2. Significant Accounting Policies
Basis of Accounting - The accompanying financial statements have been prepared
on the accrual basis of accounting in accordance with generally accepted
accounting principles. Revenues are recognized as earned and expenses are
recorded as obligations are incurred.
Consolidation - The consolidated financial statements include the accounts of
the Partnership and its ventures, Watkins Center Joint Venture, Dawson Business
Center Joint Venture, Maitland Center Associates and Beta Building Associates
Joint Venture. Intercompany accounts and transactions between the Partnership
and the ventures have been eliminated in consolidation.
Real Estate Investments - Real estate investments, which consist of commercial
buildings, are recorded at cost less accumulated depreciation. Cost includes
the initial purchase price of the property plus closing costs, acquisition and
legal fees and capital improvements. Depreciation is computed using the
straight-line method based on an estimated useful life of 25 years except for
tenant improvements which are depreciated over the terms of the respective
leases.
Accounting for Impairment - In March 1995, the Financial Accounting Standards
Board issued Statement of Financial Accounting Standards No. 121 "Accounting
for the Impairment of Long-Lived Assets and Long-Lived Assets to Be Disposed
Of" ("FAS 121"), which requires impairment losses to be recorded on long-lived
assets used in operations when indicators of impairment are present and the
undiscounted cash flows estimated to be generated by those assets are less than
the assets' carrying amount. FAS 121 also addresses the accounting for
long-lived assets that are expected to be disposed of. The Partnership adopted
FAS 121 the fourth quarter of 1995. Based on current circumstances, the
adoption of FAS 121 had no impact on the financial statements.
Cash Equivalents - Cash equivalents consist of short-term highly liquid
investments with maturities of three months or less from the date of issuance.
The carrying amount approximates fair value because of the short maturity of
these instruments.
Concentration of Credit Risk - Financial instruments which potentially subject
the Partnership to a concentration of credit risk principally consist of cash
in excess of the financial institutions' insurance limits.

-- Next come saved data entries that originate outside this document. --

text \<open>Enumerate \<open>A\<^sub>i = {e i 0, ..., e i (k\<^sub>i - 1)}\<close>. Every element of the sumset has the form
  \<open>b + \<Sum> x(i,j) \<cdot> e i j\<close> with \<open>b \<in> B\<close> and \<open>x\<close> a nonnegative integer array whose \<open>i\<close>-th row
  sums to \<open>h\<^sub>i\<close>, so the sumset is the image of \<open>B \<times> L(h)\<close>, where \<open>L(h)\<close> is the layer of such
  arrays. Order the pairs \<open>(b, x)\<close> lexicographically; this order is compatible with adding a
  fixed array to \<open>x\<close>, so for each \<open>b\<close> the set \<open>U\<^sub>b\<close> of arrays \<open>x\<close> for which \<open>(b, x)\<close> is not the
  least representative of its value within its layer is closed upward, and the sumset has
  exactly \<open>\<Sum>\<^sub>b |L(h) - U\<^sub>b|\<close> elements. By Dickson's lemma each \<open>U\<^sub>b\<close> is a finite union of
  principal upsets, so by inclusion-exclusion \<open>|L(h) \<inter> U\<^sub>b|\<close> is an alternating sum of sizes of
  shifted layers. A layer has \<open>\<Prod>\<^sub>i ((h\<^sub>i + k\<^sub>i - 1) choose (k\<^sub>i - 1))\<close> elements, which is a
  polynomial in \<open>h\<close>; after a shift by \<open>d\<close> this stays true as soon as all \<open>h\<^sub>i \<ge> d\<^sub>i\<close>.\<close>

section \<open>Polynomial and eventually polynomial functions\<close>

lemma is_poly_funI:
  assumes "finite T" "\<forall>t\<in>T. \<forall>i\<ge>r. ex t i = 0"
    and "\<And>h. p h = (\<Sum>t\<in>T. a t * (\<Prod>i<r. real (h i) ^ ex t i))"
  shows "is_poly_fun r p"
proof -
  define c where "c e = (\<Sum>t\<in>{t\<in>T. ex t = e}. a t)" for e
  have "p h = (\<Sum>e\<in>ex ` T. c e * (\<Prod>i<r. real (h i) ^ e i))" for h
  proof -
    have "(\<Sum>e\<in>ex ` T. c e * (\<Prod>i<r. real (h i) ^ e i))
        = (\<Sum>e\<in>ex ` T. \<Sum>t\<in>{t\<in>T. ex t = e}. a t * (\<Prod>i<r. real (h i) ^ ex t i))"
      unfolding c_def sum_distrib_right by (rule sum.cong) auto
    also have "\<dots> = (\<Sum>t\<in>T. a t * (\<Prod>i<r. real (h i) ^ ex t i))"
      by (rule sum.group) (use assms(1) in auto)
    finally show ?thesis using assms(3) by simp
  qed
  then show ?thesis
    unfolding is_poly_fun_def using assms(1,2) by (intro exI[of _ "ex ` T"] exI[of _ c]) auto
qed

lemma is_poly_funE:
  assumes "is_poly_fun r p"
  obtains E c where "finite E" "\<forall>e\<in>E. \<forall>i\<ge>r. e i = 0"
    "\<And>h. p h = (\<Sum>e\<in>E. c e * (\<Prod>i<r. real (h i) ^ e i))"
  using assms unfolding is_poly_fun_def by blast

lemma is_poly_fun_const: "is_poly_fun r (\<lambda>h. c)"
  by (rule is_poly_funI[where T = "{()}" and ex = "\<lambda>_ _. 0" and a = "\<lambda>_. c"]) auto

lemma is_poly_fun_coord:
  assumes "i < r"
  shows "is_poly_fun r (\<lambda>h. real (h i))"
proof (rule is_poly_funI[where T = "{()}" and ex = "\<lambda>_. (\<lambda>j. 0)(i := 1)" and a = "\<lambda>_. 1"])
  fix h
  have "(\<Prod>j<r. real (h j) ^ ((\<lambda>j. 0)(i := 1)) j) = (\<Prod>j<r. if j = i then real (h j) else 1)"
    by (rule prod.cong) auto
  then show "real (h i) = (\<Sum>t\<in>{()}. 1 * (\<Prod>j<r. real (h j) ^ ((\<lambda>j. 0)(i := 1)) j))"
    using assms by (simp add: prod.delta)
qed (use assms in auto)

lemma is_poly_fun_add:
  assumes "is_poly_fun r p" "is_poly_fun r q"
  shows "is_poly_fun r (\<lambda>h. p h + q h)"
proof -
  obtain E1 c1 where 1: "finite E1" "\<forall>e\<in>E1. \<forall>i\<ge>r. e i = 0"
    "\<And>h. p h = (\<Sum>e\<in>E1. c1 e * (\<Prod>i<r. real (h i) ^ e i))"
    using assms(1) by (elim is_poly_funE) blast
  obtain E2 c2 where 2: "finite E2" "\<forall>e\<in>E2. \<forall>i\<ge>r. e i = 0"
    "\<And>h. q h = (\<Sum>e\<in>E2. c2 e * (\<Prod>i<r. real (h i) ^ e i))"
    using assms(2) by (elim is_poly_funE) blast
  show ?thesis
    by (rule is_poly_funI[where T = "E1 <+> E2" and ex = "case_sum id id" and a = "case_sum c1 c2"])
      (use 1 2 in \<open>auto simp: sum.Plus\<close>)
qed

lemma is_poly_fun_mult:
  assumes "is_poly_fun r p" "is_poly_fun r q"
  shows "is_poly_fun r (\<lambda>h. p h * q h)"
proof -
  obtain E1 c1 where 1: "finite E1" "\<forall>e\<in>E1. \<forall>i\<ge>r. e i = 0"
    "\<And>h. p h = (\<Sum>e\<in>E1. c1 e * (\<Prod>i<r. real (h i) ^ e i))"
    using assms(1) by (elim is_poly_funE) blast
  obtain E2 c2 where 2: "finite E2" "\<forall>e\<in>E2. \<forall>i\<ge>r. e i = 0"
    "\<And>h. q h = (\<Sum>e\<in>E2. c2 e * (\<Prod>i<r. real (h i) ^ e i))"
    using assms(2) by (elim is_poly_funE) blast
  show ?thesis
  proof (rule is_poly_funI[where T = "E1 \<times> E2" and ex = "\<lambda>(e1, e2) i. e1 i + e2 i"
        and a = "\<lambda>(e1, e2). c1 e1 * c2 e2"])
    fix h
    show "p h * q h = (\<Sum>t\<in>E1 \<times> E2. (case t of (e1, e2) \<Rightarrow> c1 e1 * c2 e2) *
        (\<Prod>i<r. real (h i) ^ (case t of (e1, e2) \<Rightarrow> \<lambda>i. e1 i + e2 i) i))"
      by (simp add: 1(3) 2(3) sum_product sum.cartesian_product power_add prod.distrib
          split_def algebra_simps)
  qed (use 1 2 in auto)
qed

lemma is_poly_fun_diff:
  assumes "is_poly_fun r p" "is_poly_fun r q"
  shows "is_poly_fun r (\<lambda>h. p h - q h)"
  using is_poly_fun_add[OF assms(1) is_poly_fun_mult[OF is_poly_fun_const assms(2)], of "-1"]
  by simp

lemma is_poly_fun_prod:
  "finite S \<Longrightarrow> (\<And>s. s \<in> S \<Longrightarrow> is_poly_fun r (f s)) \<Longrightarrow> is_poly_fun r (\<lambda>h. \<Prod>s\<in>S. f s h)"
  by (induction S rule: finite_induct) (auto intro: is_poly_fun_const is_poly_fun_mult)

definition eventually_poly :: "nat \<Rightarrow> ((nat \<Rightarrow> nat) \<Rightarrow> real) \<Rightarrow> bool" where
  "eventually_poly r f \<longleftrightarrow>
     (\<exists>p. is_poly_fun r p \<and> (\<exists>N. \<forall>h. (\<forall>i<r. N \<le> h i) \<longrightarrow> f h = p h))"

lemma eventually_polyI:
  assumes "is_poly_fun r p" "\<And>h. \<forall>i<r. N \<le> h i \<Longrightarrow> f h = p h"
  shows "eventually_poly r f"
  using assms unfolding eventually_poly_def by blast

lemma eventually_polyE:
  assumes "eventually_poly r f"
  obtains p N where "is_poly_fun r p" "\<And>h. \<forall>i<r. N \<le> h i \<Longrightarrow> f h = p h"
  using assms unfolding eventually_poly_def by blast

lemma eventually_poly_cong:
  assumes "eventually_poly r g" "\<And>h. \<forall>i<r. N \<le> h i \<Longrightarrow> f h = g h"
  shows "eventually_poly r f"
proof -
  obtain p M where "is_poly_fun r p" "\<And>h. \<forall>i<r. M \<le> h i \<Longrightarrow> g h = p h"
    using assms(1) by (elim eventually_polyE) blast
  then show ?thesis
    using assms(2) by (intro eventually_polyI[where N = "max N M"]) auto
qed

lemma eventually_poly_add:
  assumes "eventually_poly r f" "eventually_poly r g"
  shows "eventually_poly r (\<lambda>h. f h + g h)"
proof -
  obtain p N where "is_poly_fun r p" "\<And>h. \<forall>i<r. N \<le> h i \<Longrightarrow> f h = p h"
    using assms(1) by (elim eventually_polyE) blast
  moreover obtain q M where "is_poly_fun r q" "\<And>h. \<forall>i<r. M \<le> h i \<Longrightarrow> g h = q h"
    using assms(2) by (elim eventually_polyE) blast
  ultimately show ?thesis
    by (intro eventually_polyI[where N = "max N M" and p = "\<lambda>h. p h + q h"] is_poly_fun_add) auto
qed

lemma eventually_poly_diff:
  assumes "eventually_poly r f" "eventually_poly r g"
  shows "eventually_poly r (\<lambda>h. f h - g h)"
proof -
  obtain p N where "is_poly_fun r p" "\<And>h. \<forall>i<r. N \<le> h i \<Longrightarrow> f h = p h"
    using assms(1) by (elim eventually_polyE) blast
  moreover obtain q M where "is_poly_fun r q" "\<And>h. \<forall>i<r. M \<le> h i \<Longrightarrow> g h = q h"
    using assms(2) by (elim eventually_polyE) blast
  ultimately show ?thesis
    by (intro eventually_polyI[where N = "max N M" and p = "\<lambda>h. p h - q h"] is_poly_fun_diff) auto
qed

lemma eventually_poly_sum:
  "finite S \<Longrightarrow> (\<And>s. s \<in> S \<Longrightarrow> eventually_poly r (f s)) \<Longrightarrow>
    eventually_poly r (\<lambda>h. \<Sum>s\<in>S. f s h)"
proof (induction S rule: finite_induct)
  case empty
  show ?case by (simp add: eventually_polyI[OF is_poly_fun_const])
next
  case (insert s S)
  then show ?case by (simp add: eventually_poly_add)
qed

section \<open>Dickson's lemma\<close>

lemma ex_pointwise_le_pair:
  fixes s :: "nat \<Rightarrow> 'i \<Rightarrow> nat"
  assumes "finite I"
  obtains a b where "a < b" "\<forall>p\<in>I. s a p \<le> s b p"
proof -
  obtain enc :: "'i set \<Rightarrow> nat" where enc: "bij_betw enc (Pow I) {0..<card (Pow I)}"
    using ex_bij_betw_finite_nat assms by blast
  define up where "up a b = {p\<in>I. s a p \<le> s b p}" for a b
  \<comment> \<open>Colour a pair by the set of coordinates on which the sequence does not decrease.\<close>
  define col where "col X = enc (up (Min X) (Max X))" for X
  have "col {a, b} < card (Pow I)" for a b
    using bij_betwE[OF enc] by (auto simp: col_def up_def)
  then obtain Y t where Y: "infinite Y" "\<forall>a\<in>Y. \<forall>b\<in>Y. a \<noteq> b \<longrightarrow> col {a, b} = t"
    using Ramsey2[of "UNIV :: nat set" col "card (Pow I)"] by blast
  have col_pair: "col {a, b} = enc (up a b)" if "a < b" for a b
    using that by (simp add: col_def)
  obtain a0 where "a0 \<in> Y" using infinite_imp_nonempty[OF Y(1)] by blast
  moreover obtain b0 where "b0 \<in> Y" "a0 < b0" using Y(1) unfolding infinite_nat_iff_unbounded by blast
  ultimately have ab0: "a0 \<in> Y" "b0 \<in> Y" "a0 < b0" by blast+
  have up_const: "up a b = up a0 b0" if "a \<in> Y" "b \<in> Y" "a < b" for a b
  proof -
    have "col {a, b} = t" "col {a0, b0} = t" using Y(2) that ab0 by auto
    then have "enc (up a b) = enc (up a0 b0)" using col_pair that(3) ab0(3) by simp
    then show ?thesis
      using bij_betw_imp_inj_on[OF enc] by (auto dest: inj_onD simp: up_def)
  qed
  show ?thesis
  proof (cases "up a0 b0 = I")
    case True
    then show ?thesis using that ab0(3) by (auto simp: up_def)
  next
    case False
    then obtain p where p: "p \<in> I" "p \<notin> up a0 b0" by (auto simp: up_def)
    have decr: "s b p < s a p" if "a \<in> Y" "b \<in> Y" "a < b" for a b
    proof -
      have "p \<notin> up a b" using up_const[OF that] p(2) by simp
      then show ?thesis using p(1) by (simp add: up_def not_le)
    qed
    from ex_has_least_nat[of "\<lambda>a. a \<in> Y" a0 "\<lambda>a. s a p", OF ab0(1)]
    obtain a where a: "a \<in> Y" "\<forall>b. b \<in> Y \<longrightarrow> s a p \<le> s b p" by blast
    obtain b where b: "b \<in> Y" "a < b"
      using Y(1) unfolding infinite_nat_iff_unbounded by blast
    have "s b p < s a p" using decr[OF a(1) b] .
    moreover have "s a p \<le> s b p" using a(2) b(1) by blast
    ultimately show ?thesis by simp
  qed
qed
(* With the leftmost assignment every black node is the first son of its father. Codes are
   handled reversed (least significant digit first): the code of n + 1 is obtained from that of
   n by an increment with carry, and the numbers whose codes extend code n by a last digit h are
   mshift n + h, for h up to the largest digit admissible after code n; the next such block
   starts at mshift (n + 1). By induction along the construction of the tree, the first son of
   node n + 1 has code (code n) @ [delta], where delta, 1 or 2, depends only on code n, and a
   node is black iff its code is w @ [delta] with delta computed from w. Hence the sons of n + 1
   have codes (code n) @ [delta], ..., (code n) @ [top] followed by (code (n + 1)) @ [0], ...,
   and the four cases are read off from the last digit and the colour of n + 1. *)

(* Codes are stored reversed, least significant digit first, so that appending a digit is Cons. *)
definition carries :: "nat \<Rightarrow> nat list \<Rightarrow> bool" where
  "carries p r \<longleftrightarrow> (\<exists>j ys. r = replicate j (p - 4) @ [p - 3] @ ys)"

definition admissible :: "nat \<Rightarrow> nat list \<Rightarrow> bool" where
  "admissible p r \<longleftrightarrow>
     (\<forall>a\<in>set r. a \<le> p - 3) \<and>
     \<not> (\<exists>xs ys j. r = xs @ [p - 3] @ replicate j (p - 4) @ [p - 3] @ ys)"
definition frenet_curve ::
  "real set \<Rightarrow> (real \<Rightarrow> real^3) \<Rightarrow> (real \<Rightarrow> real^3) \<Rightarrow> (real \<Rightarrow> real) \<Rightarrow> bool" where
  "frenet_curve I gam N kap \<longleftrightarrow> open I \<and>
     (\<forall>r\<in>I. gam differentiable (at r) \<and>
        lor (gam r) (gam r) = -1 \<and> gam r $ 1 > 0 \<and>
        lor (vector_derivative gam (at r)) (vector_derivative gam (at r)) = 1 \<and>
        lor (N r) (N r) = 1 \<and> lor (N r) (gam r) = 0 \<and>
        lor (N r) (vector_derivative gam (at r)) = 0 \<and>
        ((\<lambda>q. vector_derivative gam (at q)) has_vector_derivative
            (gam r + kap r *\<^sub>R N r)) (at r) \<and>
        (N has_vector_derivative (- kap r *\<^sub>R vector_derivative gam (at r))) (at r)) \<and>
     (\<forall>n. \<forall>r\<in>I. ((deriv ^^ n) kap) differentiable (at r))"

text \<open>The immersion (t,r,s) -> ..., with parameters x = (t,r,s) = (x$1, x$2, x$3).\<close>
definition Fmap ::
  "real \<Rightarrow> (real \<Rightarrow> real^3) \<Rightarrow> (real \<Rightarrow> real^3) \<Rightarrow> (real \<Rightarrow> real^3) \<Rightarrow> (real \<Rightarrow> real^3)
     \<Rightarrow> real^3 \<Rightarrow> (real^3) \<times> (real^3)" where
  "Fmap c gam N gamt Nt x =
     (cosh (sqrt c * x$1) *\<^sub>R gam (x$2) + sinh (sqrt c * x$1) *\<^sub>R N (x$2),
      cosh (sqrt (1 - c) * x$1) *\<^sub>R gamt (x$3) + sinh (sqrt (1 - c) * x$1) *\<^sub>R Nt (x$3))"

definition pd :: "3 \<Rightarrow> (real^3 \<Rightarrow> 'b::real_normed_vector) \<Rightarrow> real^3 \<Rightarrow> 'b" where
  "pd i f x = vector_derivative (\<lambda>h. f (x + h *\<^sub>R axis i 1)) (at 0)"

The Partnership
invests available cash with high credit quality financial institutions.
Restricted Cash - Restricted cash consists of security deposits and amounts
held in escrow for the payment of real estate taxes.
Deferred Rent Receivable - Deferred rent receivable consists of rental income
recognized on a straight-line basis over the terms of the respective leases but
will not be received until later periods as a result of rent concessions.
Prepaid Leasing Costs - Leases are accounted for as operating leases. Prepaid
leasing costs are amortized over the terms of the leases.
Note Receivable Discount - The discount on the non-interest bearing note
receivable was accreted over the life of the note.
Income Taxes - No provision for income taxes has been made in the financial
statements of the Partnership since such taxes are the responsibility of the
individual partners rather than of the Partnership.
Fair Value of Financial Instruments - Statement of Financial Accounting
Standards No. 107, "Disclosures about Fair Value of Financial Instruments"
("FAS 107"), requires that the Partnership disclose the estimated fair values
of its financial instruments. Fair values generally represent estimates of
amounts at which a financial instrument could be exchanged between willing
parties in a current transaction other than in forced liquidation.
Fair value estimates are subjective and are dependent on a number of
significant assumptions based on management's judgment regarding future
expected loss experience, current economic conditions, risk characteristics of
various financial instruments, and other factors. In addition, FAS 107 allows
a wide range of valuation techniques, therefore, comparisons between entities,
however similar, may be difficult.
Based on the borrowing rates currently available to the Partnership for
mortgage loans with similar average maturities, the fair value of long-term
debt approximates carrying value.
Use of Estimates - The preparation of financial statements in conformity with
generally accepted accounting principles requires management to make estimates
and assumptions that affect the reported amounts of assets and liabilities and
disclosure of contingent assets and liabilities at the date of the financial
statements and the reported amounts of revenues and expenses during the
reporting period. Actual results could differ from those estimates.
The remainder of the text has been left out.